Voting Procedures; Abstentions

All proxies received pursuant to this solicitation will be voted except as to matters where authority to vote is specifically withheld and, where a choice is specified as to the proposal, they will be voted in accordance with such specification. If no instructions are given, the persons named in the proxy solicited by our Board of Directors intend to vote FOR the amendment to our Certificate of Incorporation.

The holders of a majority of the outstanding shares of Common Stock entitled to vote on the Record Date, whether present in person or represented by proxy, will constitute a quorum for the transaction of business at the Special Meeting and any adjournment or postponement thereof. Abstentions will be counted as present or represented for purposes of establishing a quorum for the transaction of business.

Abstentions and broker non-votes, in effect, will be votes against the proposed amendment to our Certificate of Incorporation as approval of the proposal requires the affirmative vote of a majority of the outstanding shares entitled to vote on such proposal.

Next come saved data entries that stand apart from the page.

lemma fls_residue_compose_times_deriv:
  fixes U G :: "'a::field_char_0 fps"
  assumes U0: "U $ 0 = 0" and U1: "U $ 1 \<noteq> 0"
  shows "fls_residue (inverse (fps_to_fls U) ^ Suc j * fps_to_fls ((G oo U) * fps_deriv U)) = G $ j"
proof -
  define u where "u = fps_to_fls U"
  define R where "R = fps_shift (Suc j) G"
  have "subdegree U = 1" using U0 U1 by (intro subdegreeI) auto
  then have sd: "fls_subdegree u = 1" using U1 by (auto simp: u_def fls_subdegree_fls_to_fps)
  then have "u \<noteq> 0" by auto
  have "fps_cutoff (Suc j) G = (\<Sum>i=0..j. fps_const (G$i) * fps_X^i)"
    by (rule fps_ext) (simp add: fps_sum_rep_nth)
  then have G_split: "G = (\<Sum>i=0..j. fps_const (G$i) * fps_X^i) + fps_X^(Suc j) * R"
    using fps_shift_cutoff'[of "Suc j" G] by (simp add: R_def add.commute)
  have "G oo U = ((\<Sum>i=0..j. fps_const (G$i) * fps_X^i) oo U) + ((fps_X^(Suc j) * R) oo U)"
    by (subst G_split) (simp add: fps_compose_add_distrib)
  also have "\<dots> = (\<Sum>i=0..j. fps_const (G$i) * U^i) + U^(Suc j) * (R oo U)"
    using U0 by (simp add: fps_compose_sum_distrib fps_compose_mult_distrib fps_X_power_compose)
  finally have "inverse u ^ Suc j * fps_to_fls ((G oo U) * fps_deriv U)
     = (\<Sum>i=0..j. fls_const (G$i) * (inverse u ^ Suc j * u ^ i * fls_deriv u))
       + (inverse u * u) ^ Suc j * fps_to_fls ((R oo U) * fps_deriv U)"
    by (simp add: algebra_simps sum_distrib_left sum_distrib_right fls_times_fps_to_fls
        fps_to_fls_sum fps_to_fls_power fps_const_to_fls u_def fls_deriv_fps_to_fls
        power_mult_distrib)
  also have "(inverse u * u) ^ Suc j = 1" using \<open>u \<noteq> 0\<close> by simp
  finally have "inverse u ^ Suc j * fps_to_fls ((G oo U) * fps_deriv U)
     = (\<Sum>i=0..j. fls_const (G$i) * (inverse u ^ Suc j * u ^ i * fls_deriv u))
       + fps_to_fls ((R oo U) * fps_deriv U)" by simp
  moreover have "fls_residue (fps_to_fls ((R oo U) * fps_deriv U)) = 0"
    by (rule fls_residue_power_series) (simp add: fls_subdegree_fls_to_fps_gt0)
  ultimately have "fls_residue (inverse u ^ Suc j * fps_to_fls ((G oo U) * fps_deriv U))
      = (\<Sum>i=0..j. G$i * fls_residue (inverse u ^ Suc j * u ^ i * fls_deriv u))"
    by (simp only: fls_residue_add fls_residue_sum fls_residue_fls_const_times) simp
  also have "\<dots> = (\<Sum>i=0..j. G$i * (if i = j then 1 else 0))"
    using fls_residue_inverse_power_times_power_deriv[OF sd] by (intro sum.cong) simp_all
  also have "\<dots> = G $ j" by (simp add: if_distrib sum.delta' cong: if_cong)
  finally show ?thesis by (simp only: u_def)
qed

theorem fps_lagrange_inversion:
  fixes U \<phi> :: "'a::field_char_0 fps"
  assumes U: "U = fps_X * (\<phi> oo U)" and "\<phi> $ 0 \<noteq> 0" and "1 \<le> m" "m \<le> n"
  shows "of_nat n * (U ^ m) $ n = of_nat m * (\<phi> ^ n) $ (n - m)"
proof -
  have U0: "U $ 0 = 0" by (subst U) simp
  have U1: "U $ 1 = \<phi> $ 0" by (subst U) (simp add: fps_X_mult_nth)
  define u where "u = fps_to_fls U"
  define w where "w = fps_to_fls (\<phi> oo U)"
  have "w \<noteq> 0"
    using \<open>\<phi> $ 0 \<noteq> 0\<close> by (metis w_def fps_compose_nth_0 fps_to_fls_eq_0_iff fps_zero_nth)
  have "u = fls_X * w" unfolding u_def w_def by (subst U) (simp add: fls_times_fps_to_fls)
  then have "u \<noteq> 0" and X_inv: "fls_X_inv = inverse u * w"
    using \<open>w \<noteq> 0\<close> by (simp_all add: fls_inverse_X[symmetric] field_simps)
  \<comment> \<open>n [z^n] U^m is the residue of z^(-n) (U^m)', and z^(-1) = U^(-1) \<phi>(U)\<close>
  have "of_nat n * (U ^ m) $ n = fps_deriv (U ^ m) $ (n - 1)"
    using assms by (simp add: fps_deriv_nth)
  also have "\<dots> = fls_residue (fls_X_inv ^ n * fps_to_fls (fps_deriv (U ^ m)))"
    using assms by (simp add: fls_X_inv_power_times_conv_shift nat_diff_distrib)
  also have "fls_X_inv ^ n * fps_to_fls (fps_deriv (U ^ m))
     = fls_const (of_nat m) * (inverse u ^ n * u ^ (m - 1)) * (w ^ n * fls_deriv u)"
    unfolding X_inv
    by (simp add: fps_deriv_power fls_times_fps_to_fls fps_to_fls_power u_def fls_deriv_fps_to_fls
        fps_const_to_fls power_mult_distrib algebra_simps)
  also have "inverse u ^ n * u ^ (m - 1) = inverse u ^ Suc (n - m)"
  proof -
    have "inverse u ^ n = inverse u ^ Suc (n - m) * inverse u ^ (m - 1)"
      using assms by (simp only: power_add[symmetric]) (simp add: Suc_diff_le)
    then show ?thesis
      using \<open>u \<noteq> 0\<close> by (simp add: mult.assoc power_mult_distrib[symmetric])
  qed
  also have "w ^ n * fls_deriv u = fps_to_fls ((\<phi> ^ n oo U) * fps_deriv U)"
    using U0 by (simp add: w_def u_def fps_compose_power fps_to_fls_power[symmetric]
        fls_times_fps_to_fls fls_deriv_fps_to_fls)
  finally show ?thesis
    using fls_residue_compose_times_deriv[OF U0, where G="\<phi> ^ n" and j="n - m"]
      U1 \<open>\<phi> $ 0 \<noteq> 0\<close> \<open>u \<noteq> 0\<close>
    by (simp add: mult.assoc fls_residue_fls_const_times u_def del: fls_residue_def)
qed

definition fps_of_real :: "real fps \<Rightarrow> 'a::real_algebra_1 fps" where
  "fps_of_real f = Abs_fps (\<lambda>n. of_real (f $ n))"

lemma fps_of_real_nth [simp]: "fps_of_real f $ n = of_real (f $ n)"
  by (simp add: fps_of_real_def)

lemma fps_of_real_mult: "fps_of_real (f * g) = fps_of_real f * fps_of_real g"
  by (rule fps_ext) (simp add: fps_mult_nth)

lemma fps_of_real_power: "fps_of_real (f ^ n) = fps_of_real f ^ n"
proof (induction n)
  case 0
  show ?case by (rule fps_ext) simp
qed (simp add: fps_of_real_mult)

lemma fps_of_real_X: "fps_of_real fps_X = fps_X"
  by (rule fps_ext) (simp add: fps_X_def)

lemma fps_of_real_sum: "fps_of_real (sum f A) = (\<Sum>i\<in>A. fps_of_real (f i))"
  by (rule fps_ext) (simp add: fps_sum_nth)

lemma fps_of_real_compose: "fps_of_real (f oo g) = fps_of_real f oo fps_of_real g"
  by (rule fps_ext) (simp add: fps_compose_nth fps_of_real_power[symmetric])
text \<open>R_n(b) = Q_n(b)^(1/t), with t = alpha + epsilon.\<close>
definition Rn :: "real \<Rightarrow> nat list \<Rightarrow> real" where
  "Rn t b = Qn b powr (1 / t)"

definition Kn :: "real \<Rightarrow> nat list \<Rightarrow> real set" where
  "Kn t b = closure (\<Union>c \<in> {c::nat. real c \<ge> Rn t b}. cylinder (b @ [c]))"

end

theory Submission
  imports Defs
begin

text \<open>The cylinder of a word b with digits at least 2 is a half-open interval of length 1/P(b),
  where P(b) is the product of the b_j (b_j - 1), and the cylinders of the words b c with c \<ge> c0
  fill its left end of relative length 1/(c0 - 1). Hence |K_n(b)| = 1/(P(b) (\<lceil>R_n(b)\<rceil> - 1)), and
  since R_(n+1)(b c) = (c P(b))^(1/t) with t = \<alpha> + \<epsilon>, the children satisfy
  |K_(n+1)(b c)|^s \<le> 4^s P(b)^(-s(1 + 1/t)) c^(-\<sigma>) with \<sigma> = s (2 + 1/t) > 1.
  The tail sum of c^(-\<sigma>) over c \<ge> c0 is at most (c0 - 1)^(1 - \<sigma>) / (\<sigma> - 1), and with
  c0 - 1 \<le> R_n(b) \<le> P(b)^(1/t) the whole sum is at most (P(b) (c0 - 1))^(-s) = |K_n(b)|^s
  as soon as P(b) is large; but P(b) \<ge> 2^n.\<close>

lemma luroth_digit_Suc: "luroth_digit (Suc j) x = luroth_digit j (luroth_map x)"
  unfolding luroth_digit_def funpow_Suc_right o_def by simp

lemma floor_inverse_eq_iff:
  assumes "d \<ge> 2" and "x > 0"
  shows "\<lfloor>1 / x\<rfloor> = int d - 1 \<longleftrightarrow> x \<in> {1 / real d<..1 / (real d - 1)}"
proof -
  have "\<lfloor>1 / x\<rfloor> = int d - 1 \<longleftrightarrow> real d - 1 \<le> 1 / x \<and> 1 / x < real d"
    using assms by (simp add: floor_eq_iff)
  also have "\<dots> \<longleftrightarrow> x \<in> {1 / real d<..1 / (real d - 1)}"
    using assms by (auto simp: field_simps)
  finally show ?thesis .
qed

lemma luroth_digit_0_eq_iff:
  assumes "d \<ge> 2" and "x > 0"
  shows "luroth_digit 0 x = d \<longleftrightarrow> x \<in> {1 / real d<..1 / (real d - 1)}"
proof -
  have "luroth_digit 0 x = d \<longleftrightarrow> \<lfloor>1 / x\<rfloor> = int d - 1"
    using assms by (auto simp: luroth_digit_def)
  then show ?thesis using floor_inverse_eq_iff[OF assms] by simp
qed

lemma affine_image_greaterThanAtMost:
  fixes p l u :: real
  assumes "l > 0"
  shows "(\<lambda>y. p + y / l) ` {0<..u} = {p<..p + u / l}"
proof -
  have "(\<lambda>y. p + y / l) ` {0<..u} = (+) p ` ((\<lambda>y. y / l) ` {0<..u})"
    by (simp add: image_image)
  also have "(\<lambda>y. y / l) ` {0<..u} = {0<..u / l}"
  proof (intro set_eqI iffI)
    fix x assume "x \<in> {0<..u / l}"
    then have "x * l \<in> {0<..u} \<and> x = x * l / l" using assms by (auto simp: field_simps)
    then show "x \<in> (\<lambda>y. y / l) ` {0<..u}" by blast
  qed (use assms in \<open>auto simp: divide_right_mono\<close>)
  finally show ?thesis by simp
qed

definition luroth_branch :: "nat \<Rightarrow> real \<Rightarrow> real" where
  "luroth_branch d y = 1 / real d + y / (real d * (real d - 1))"

lemma luroth_branch_image:
  assumes "d \<ge> 2"
  shows "luroth_branch d ` {0<..1} = {1 / real d<..1 / (real d - 1)}"
proof -
  have "1 / real d + 1 / (real d * (real d - 1)) = 1 / (real d - 1)"
    using assms by (simp add: field_simps)
  then show ?thesis
    using affine_image_greaterThanAtMost[of "real d * (real d - 1)" "1 / real d" 1] assms
    by (simp add: luroth_branch_def[abs_def])
qed

lemma luroth_map_luroth_branch:
  assumes "d \<ge> 2" and "0 < y" and "y \<le> 1"
  shows "luroth_map (luroth_branch d y) = y"
proof -
  have "luroth_branch d y \<in> luroth_branch d ` {0<..1}"
    using assms by simp
  then have "luroth_branch d y \<in> {1 / real d<..1 / (real d - 1)}"
    unfolding luroth_branch_image[OF assms(1)] .
  moreover have "luroth_branch d y > 0"
    using assms by (simp add: luroth_branch_def add_pos_nonneg)
  ultimately have "\<lfloor>1 / luroth_branch d y\<rfloor> = int d - 1"
    using floor_inverse_eq_iff[OF assms(1)] by simp
  then have "luroth_map (luroth_branch d y)
      = (real d - 1) * real d * luroth_branch d y - (real d - 1)"
    using assms(1) by (simp add: luroth_map_def Let_def of_nat_diff)
  also have "\<dots> = y"
    using assms(1) by (simp add: luroth_branch_def field_simps)
  finally show ?thesis .
qed

lemma cylinder_Cons:
  assumes "d \<ge> 2"
  shows "cylinder (d # w) = luroth_branch d ` cylinder w"
proof (intro set_eqI iffI)
  fix x assume x: "x \<in> cylinder (d # w)"
  then have "x > 0" and "luroth_digit 0 x = d" by (auto simp: cylinder_def)
  then have "x \<in> luroth_branch d ` {0<..1}"
    using luroth_digit_0_eq_iff[OF assms] luroth_branch_image[OF assms] by simp
  then obtain y where y: "0 < y" "y \<le> 1" and xy: "x = luroth_branch d y" by auto
  have "luroth_map x = y" using xy y assms luroth_map_luroth_branch by simp
  then have "y \<in> cylinder w"
    using x y by (force simp: cylinder_def luroth_digit_Suc)
  then show "x \<in> luroth_branch d ` cylinder w" using xy by blast
next
  fix x assume "x \<in> luroth_branch d ` cylinder w"
  then obtain y where xy: "x = luroth_branch d y" and y: "y \<in> cylinder w" by blast
  then have y01: "0 < y" "y \<le> 1" by (auto simp: cylinder_def)
  have "x \<in> luroth_branch d ` {0<..1}" using xy y01 by simp
  then have x_int: "x \<in> {1 / real d<..1 / (real d - 1)}"
    unfolding luroth_branch_image[OF assms] .
  have x01: "0 < x" "x \<le> 1"
  proof -
    have "1 / (real d - 1) \<le> 1" using assms by simp
    moreover have "0 < 1 / real d" using assms by simp
    ultimately show "0 < x" "x \<le> 1" using x_int by (meson greaterThanAtMost_iff less_trans order_trans)+
  qed
  have "luroth_digit 0 x = d" using luroth_digit_0_eq_iff[OF assms x01(1)] x_int by simp
  moreover have "luroth_map x = y" using xy y01 assms luroth_map_luroth_branch by simp
  ultimately show "x \<in> cylinder (d # w)"
    using x01 y by (auto simp: cylinder_def luroth_digit_Suc less_Suc_eq_0_disj)
qed

fun cylinder_left :: "nat list \<Rightarrow> real" where
  "cylinder_left [] = 0"
| "cylinder_left (d # b) = luroth_branch d (cylinder_left b)"

definition luroth_weight :: "nat list \<Rightarrow> real" where
  "luroth_weight b = (\<Prod>d\<leftarrow>b. real d * (real d - 1))"

lemma luroth_weight_Nil [simp]: "luroth_weight [] = 1"
  by (simp add: luroth_weight_def)

lemma luroth_weight_Cons [simp]:
  "luroth_weight (d # b) = real d * (real d - 1) * luroth_weight b"
  by (simp add: luroth_weight_def)

lemma luroth_weight_append_singleton:
  "luroth_weight (b @ [c]) = luroth_weight b * (real c * (real c - 1))"
  by (simp add: luroth_weight_def)

lemma luroth_weight_ge_power:
  assumes "\<forall>d\<in>set b. d \<ge> 2"
  shows "luroth_weight b \<ge> 2 ^ length b"
  using assms
proof (induction b)
  case (Cons d b)
  have "2 * 1 \<le> real d * (real d - 1)"
    using Cons.prems by (intro mult_mono) auto
  then show ?case
    using Cons by (simp add: mult_mono)
qed simp

lemma cylinder_append:
  assumes "\<forall>d\<in>set b. d \<ge> 2"
  shows "cylinder (b @ w) = (\<lambda>y. cylinder_left b + y / luroth_weight b) ` cylinder w"
  using assms
proof (induction b)
  case (Cons d b)
  then have "cylinder ((d # b) @ w)
      = luroth_branch d ` (\<lambda>y. cylinder_left b + y / luroth_weight b) ` cylinder w"
    by (simp add: cylinder_Cons)
  also have "\<dots> = (\<lambda>y. cylinder_left (d # b) + y / luroth_weight (d # b)) ` cylinder w"
    unfolding image_image
    by (intro image_cong) (simp_all add: luroth_branch_def add_divide_distrib)
  finally show ?case .
qed simp

lemma cylinder_singleton:
  assumes "c \<ge> 2"
  shows "cylinder [c] = {1 / real c<..1 / (real c - 1)}"
proof -
  have "cylinder [] = {0<..1}" by (auto simp: cylinder_def)
  then show ?thesis
    using cylinder_Cons[OF assms, of "[]"] luroth_branch_image[OF assms] by simp
qed

lemma UN_digit_intervals_atLeast:
  assumes "c\<^sub>0 \<ge> 2"
  shows "(\<Union>c\<in>{c\<^sub>0..}. {1 / real c<..1 / (real c - 1)}) = {0<..1 / (real c\<^sub>0 - 1)}"
proof (intro set_eqI iffI)
  fix x assume "x \<in> (\<Union>c\<in>{c\<^sub>0..}. {1 / real c<..1 / (real c - 1)})"
  then obtain c where c: "c \<ge> c\<^sub>0" "1 / real c < x" "x \<le> 1 / (real c - 1)" by auto
  have "0 < 1 / real c" using c assms by simp
  then have "0 < x" using c(2) by linarith
  moreover have "1 / (real c - 1) \<le> 1 / (real c\<^sub>0 - 1)"
    using c assms by (intro divide_left_mono) auto
  ultimately show "x \<in> {0<..1 / (real c\<^sub>0 - 1)}" using c by auto
next
  fix x assume x: "x \<in> {0<..1 / (real c\<^sub>0 - 1)}"
  define c where "c = luroth_digit 0 x"
  have "real c\<^sub>0 - 1 \<le> 1 / x" using x assms by (auto simp: field_simps)
  then have "int c\<^sub>0 - 1 \<le> \<lfloor>1 / x\<rfloor>" by (simp add: le_floor_iff)
  moreover have "c = nat \<lfloor>1 / x\<rfloor> + 1" by (simp add: c_def luroth_digit_def)
  ultimately have "c \<ge> c\<^sub>0" by auto
  then have "x \<in> {1 / real c<..1 / (real c - 1)}"
    using luroth_digit_0_eq_iff[of c x] x assms by (simp add: c_def)
  with \<open>c \<ge> c\<^sub>0\<close> show "x \<in> (\<Union>c\<in>{c\<^sub>0..}. {1 / real c<..1 / (real c - 1)})" by auto
qed

lemma Collect_real_ge_eq_atLeast: "{c::nat. real c \<ge> r} = {nat \<lceil>r\<rceil>..}"
  by (auto simp: nat_le_iff ceiling_le_iff)

lemma diameter_Kn:
  assumes b: "\<forall>d\<in>set b. d \<ge> 2" and R: "Rn t b > 1"
  shows "diameter (Kn t b) = 1 / (luroth_weight b * (\<lceil>Rn t b\<rceil> - 1))"
proof -
  define c\<^sub>0 where "c\<^sub>0 = nat \<lceil>Rn t b\<rceil>"
  have c\<^sub>0: "c\<^sub>0 \<ge> 2" "real c\<^sub>0 = \<lceil>Rn t b\<rceil>"
    using R by (auto simp: c\<^sub>0_def le_nat_iff le_ceiling_iff)
  have W: "luroth_weight b > 0"
    using luroth_weight_ge_power[OF b] by (smt (verit) zero_less_power)
  have "(\<Union>c\<in>{c. real c \<ge> Rn t b}. cylinder (b @ [c]))
      = (\<lambda>y. cylinder_left b + y / luroth_weight b) ` (\<Union>c\<in>{c\<^sub>0..}. cylinder [c])"
    by (simp add: Collect_real_ge_eq_atLeast cylinder_append[OF b] image_UN c\<^sub>0_def)
  also have "\<dots> = {cylinder_left b<..cylinder_left b + 1 / (real c\<^sub>0 - 1) / luroth_weight b}"
    using c\<^sub>0(1) W
    by (simp add: cylinder_singleton UN_digit_intervals_atLeast affine_image_greaterThanAtMost)
  moreover have "0 < 1 / (real c\<^sub>0 - 1) / luroth_weight b"
    using c\<^sub>0(1) W by simp
  ultimately show ?thesis
    using c\<^sub>0(2) by (simp add: Kn_def mult.commute)
qed

lemma Qn_append_singleton: "Qn (b @ [c]) = real c * luroth_weight b"
  by (simp add: Qn_def luroth_weight_def nth_append prod.list_conv_set_nth atLeast0LessThan)

lemma powr_neg_le_telescope:
  fixes c \<sigma> :: real
  assumes "\<sigma> > 1" and "c > 1"
  shows "c powr -\<sigma> \<le> ((c - 1) powr (1 - \<sigma>) - c powr (1 - \<sigma>)) / (\<sigma> - 1)"
proof -
  have deriv: "((\<lambda>x. x powr (1 - \<sigma>)) has_real_derivative (1 - \<sigma>) * x powr (1 - \<sigma> - 1)) (at x)"
    if "c - 1 \<le> x" for x
    using that assms by (intro has_real_derivative_powr) auto
  obtain z where z: "c - 1 < z" "z < c"
    and mvt: "c powr (1 - \<sigma>) - (c - 1) powr (1 - \<sigma>) = (c - (c - 1)) * ((1 - \<sigma>) * z powr (1 - \<sigma> - 1))"
    using MVT2[of "c - 1" c, OF _ deriv] by auto
  have "(\<sigma> - 1) * c powr -\<sigma> \<le> (\<sigma> - 1) * z powr -\<sigma>"
    using z assms by (intro mult_left_mono powr_mono2') auto
  also have "\<dots> = (c - 1) powr (1 - \<sigma>) - c powr (1 - \<sigma>)"
    using mvt by (simp add: algebra_simps)
  finally show ?thesis
    using assms by (simp add: pos_le_divide_eq mult.commute)
qed

lemma sum_powr_neg_atLeastLessThan_le:
  fixes \<sigma> :: real
  assumes "\<sigma> > 1" and "c\<^sub>0 \<ge> 2"
  shows "(\<Sum>c\<in>{c\<^sub>0..<c\<^sub>0 + k}. real c powr -\<sigma>)
    \<le> ((real c\<^sub>0 - 1) powr (1 - \<sigma>) - (real (c\<^sub>0 + k) - 1) powr (1 - \<sigma>)) / (\<sigma> - 1)"
proof (induction k)
  case (Suc k)
  have "(\<Sum>c\<in>{c\<^sub>0..<c\<^sub>0 + Suc k}. real c powr -\<sigma>)
      = (\<Sum>c\<in>{c\<^sub>0..<c\<^sub>0 + k}. real c powr -\<sigma>) + real (c\<^sub>0 + k) powr -\<sigma>"
    by simp
  also have "\<dots> \<le> ((real c\<^sub>0 - 1) powr (1 - \<sigma>) - (real (c\<^sub>0 + k) - 1) powr (1 - \<sigma>)) / (\<sigma> - 1)
      + ((real (c\<^sub>0 + k) - 1) powr (1 - \<sigma>) - real (c\<^sub>0 + k) powr (1 - \<sigma>)) / (\<sigma> - 1)"
    using Suc.IH powr_neg_le_telescope[OF assms(1), of "real (c\<^sub>0 + k)"] assms(2)
    by (intro add_mono) auto
  also have "\<dots> = ((real c\<^sub>0 - 1) powr (1 - \<sigma>) - (real (c\<^sub>0 + Suc k) - 1) powr (1 - \<sigma>)) / (\<sigma> - 1)"
    by (simp add: diff_divide_distrib)
  finally show ?case .
qed simp

lemma sum_powr_neg_le:
  fixes \<sigma> :: real
  assumes "\<sigma> > 1" and "c\<^sub>0 \<ge> 2" and "finite F" and "F \<subseteq> {c\<^sub>0..}"
  shows "(\<Sum>c\<in>F. real c powr -\<sigma>) \<le> (real c\<^sub>0 - 1) powr (1 - \<sigma>) / (\<sigma> - 1)"
proof -
  define k where "k = Suc (Max F)"
  have "F \<subseteq> {c\<^sub>0..<c\<^sub>0 + k}"
    using Max_ge[OF assms(3)] assms(4) by (fastforce simp: k_def)
  then have "(\<Sum>c\<in>F. real c powr -\<sigma>) \<le> (\<Sum>c\<in>{c\<^sub>0..<c\<^sub>0 + k}. real c powr -\<sigma>)"
    by (intro sum_mono2) auto
  also have "\<dots> \<le> ((real c\<^sub>0 - 1) powr (1 - \<sigma>) - (real (c\<^sub>0 + k) - 1) powr (1 - \<sigma>)) / (\<sigma> - 1)"
    by (rule sum_powr_neg_atLeastLessThan_le[OF assms(1,2)])
  also have "\<dots> \<le> (real c\<^sub>0 - 1) powr (1 - \<sigma>) / (\<sigma> - 1)"
    using assms(1) by (intro divide_right_mono) auto
  finally show ?thesis .
qed
lemma contraction_nonzero:
  assumes Dq: "domain_with_qf D" and T: "D \<subseteq> T" and I: "submod T I" "I \<noteq> {0}"
  shows "I \<inter> D \<noteq> {0}"
proof -
  obtain n where n: "n \<in> I" "n \<noteq> 0" using I submod_0 by blast
  obtain a b where ab: "a \<in> D" "b \<in> D" "b \<noteq> 0" "n = a / b" using Dq by (rule domain_with_qfE)
  have "b * n \<in> I" using submod_mult[OF I(1) _ n(1)] ab(2) T by blast
  moreover have "b * n = a" "a \<noteq> 0" using ab n(2) by auto
  ultimately show ?thesis using ab(1) by auto
qed

lemma linked_star_f_contraction:
  assumes D: "subring D" and st: "semistar D st" and T: "overring D T" and L: "linked D st T st'"
    and I: "submod T I" and one: "1 \<in> star_f D st (I \<inter> D)"
  obtains G where "G \<in> fgF T" "G \<subseteq> I" "st' G = st' T"
proof -
  have T': "subring T" "D \<subseteq> T" using T by (auto simp: overring_def)
  obtain G where G: "G \<in> fgF D" "G \<subseteq> I \<inter> D" "1 \<in> st G" using one by (rule star_f_memE)
  have "st G = st D" using semistar_eq_if_one_mem[OF D st fgF_in_Fbar[OF G(1)] _ G(3)] G(2) by blast
  then have "st' (setprod G T) = st' T" using L G by (simp add: linked_def)
  moreover obtain S s where S: "finite S" "G = span D S" "s \<in> S" "s \<noteq> 0" using fgF_E[OF D G(1)] .
  then have "setprod G T \<in> fgF T"
    using setprod_span[OF D T'] span_in_fgF[OF T'(1)] by simp
  moreover have "setprod G T \<subseteq> I"
    by (rule setprod_subset[OF I]) (use G(2) in \<open>metis IntD1 subsetD submod_mult[OF I] mult.commute\<close>)
  ultimately show ?thesis using that by blast
qed

lemma valuation_ring_fracs_if_quasi_max:
  assumes D: "subring D" and V: "valuation_localizations D st" and Q: "quasi_max D (star_f D st) Q"
    and T: "overring D T" and S: "mult_closed T S" "D - Q \<subseteq> S"
  shows "valuation_ring (fracs T S)"
proof (rule valuation_ring_mono)
  show "valuation_ring (fracs D (D - Q))" using V Q by (simp add: valuation_localizations_def)
  show "fracs D (D - Q) \<subseteq> fracs T S" using T S(2) by (intro fracs_mono) (auto simp: overring_def)
  show "subring (fracs T S)" using T S(1) by (intro subring_fracs) (auto simp: overring_def)
qed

All shares of Common Stock as set forth in this Proxy Statement have been adjusted to reflect the three-for-one split effected on April 14, 2000, and the two-for-one split effected on October 22, 2004.

Security Ownership of Certain Beneficial Owners and Management

The table below sets forth the beneficial ownership of Common Stock as of January 17, 2006 by (i) each director, (ii) each of the named executive officers, as identified in the proxy statement for our 2005 annual meeting, (iii) all of our directors and named executive officers as a group and (iv) all persons known by the Board of Directors to be beneficial owners of more than five percent of the outstanding shares of Common Stock. Shares of Common Stock subject to warrants and/or options that are currently exercisable or exercisable within 60 days of January 17, 2006 are deemed outstanding for computing the ownership percentage of the stockholder holding such warrants and/or options, but are not deemed outstanding for computing the ownership percentage of any other stockholder. Unless otherwise noted, the address of each stockholder is Celgene Corporation, 86 Morris Avenue, Summit, New Jersey 07901.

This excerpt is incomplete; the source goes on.